FREN 431: The French-Speaking World Outside France (Antje Ziethen)
FREN 431, taught by Antje Ziethen, is a course taught entirely in French and is devoted to studying the history and culture of a number of countries or regions where French is an official language. In 2018, the 4.2 rubric was used to score a newly devised digital humanities project that replaced the traditional final presentation in the class.
ITAL 301: Introduction to Italian Literature and Textual Analysis (Patrizio Ceccagnoli)
Patrizio Ceccagnoli’s introductory course (ITAL 301) on Italian literature and textual analysis is conducted in Italian and aims to develop students’ abilities as critical readers of other-culture texts and also to heighten their understanding of social beliefs, norms, regional differences, socio-economic tensions, and gender issues in different periods of Italian history. In this course, the 4.2 rubric was used to assess students’ responses to final exam essay questions that require textual analysis and comparison.

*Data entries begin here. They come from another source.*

lemma capped_spne_path_toll:
  assumes apos: "\<forall>i\<in>{1..n}. 0 < a i" and "0 \<le> c" and "path_flow n a b c p = 1"
  shows "capped_spne n (\<lambda>i y. a i * y + b i) c (path_toll n a b c p)"
proof (rule capped_spne_of_level[OF apos \<open>0 \<le> c\<close>])
  show "(\<Sum>i\<in>{1..n}. max 0 ((path_level n b p - b i - path_toll n a b c p i) / a i)) = 1"
    using \<open>path_flow n a b c p = 1\<close> unfolding path_flow_def .
  show "\<forall>j\<in>{1..n}. 0 \<le> clamp01 (p - window_start n b j) \<and> clamp01 (p - window_start n b j) \<le> 1 \<and>
      (b j < path_level n b p \<longrightarrow> clamp01 (p - window_start n b j) = 1) \<and>
      (path_level n b p < b j \<longrightarrow> clamp01 (p - window_start n b j) = 0)"
    using clamp01_bounds clamp01_window_eq_1 clamp01_window_eq_0 by blast
  show "\<forall>i\<in>{1..n}. path_toll n a b c p i = best_toll (a i)
      (\<Sum>j\<in>{1..n} - {i}. clamp01 (p - window_start n b j) / a j) c (path_level n b p) (b i)"
    unfolding path_toll_def rival_slope_def by simp
qed

theorem mainTheorem1:
  fixes n :: nat and a b :: "nat \<Rightarrow> real" and c :: real
  assumes "n \<ge> 2"
    and "\<forall>i\<in>{1..n}. a i > 0"
    and "\<forall>i\<in>{1..n}. b i \<ge> 0"
    and "c \<ge> 0"
  shows "capped_spne_set n (\<lambda>i y. a i * y + b i) c \<noteq> {}"
proof -
  obtain p where "path_flow n a b c p = 1"
    using exists_unit_path_flow[OF assms(2-4)] assms(1) by auto
  then have "capped_spne n (\<lambda>i y. a i * y + b i) c (path_toll n a b c p)"
    using capped_spne_path_toll assms(2,4) by blast
  then show ?thesis unfolding capped_spne_set_def by blast
qed

end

The recertification process detailed in this portfolio has led to several important realizations about our teaching, prompting dialogue among the four members of the Core Goal 4.2 Working Group in our department, as well as concrete changes to how we teach both those courses with an attached Core Goal 4.2 and those without. This holistic reevaluation of our teaching process is supported by what we feel to be one of the strong points of our rubric – the fact that it asks us to think about learning as a process of acquiring content knowledge and building it into transferable cognitive skills of progressively higher order, culminating in the metacognitive application of course material to previously existing value assumptions. While our teaching, broadly conceived, may focus to a greater or lesser extent on cultural competency, it is always our ultimate goal to provide students with the necessary critical thinking skills to develop authentic and informed opinions on the information they encounter and to apply these judgments sensitively and compassionately both inside and outside of the classroom. As such, our work in the last year has prompted us to think seriously about ways to do this better and more creatively in all our courses.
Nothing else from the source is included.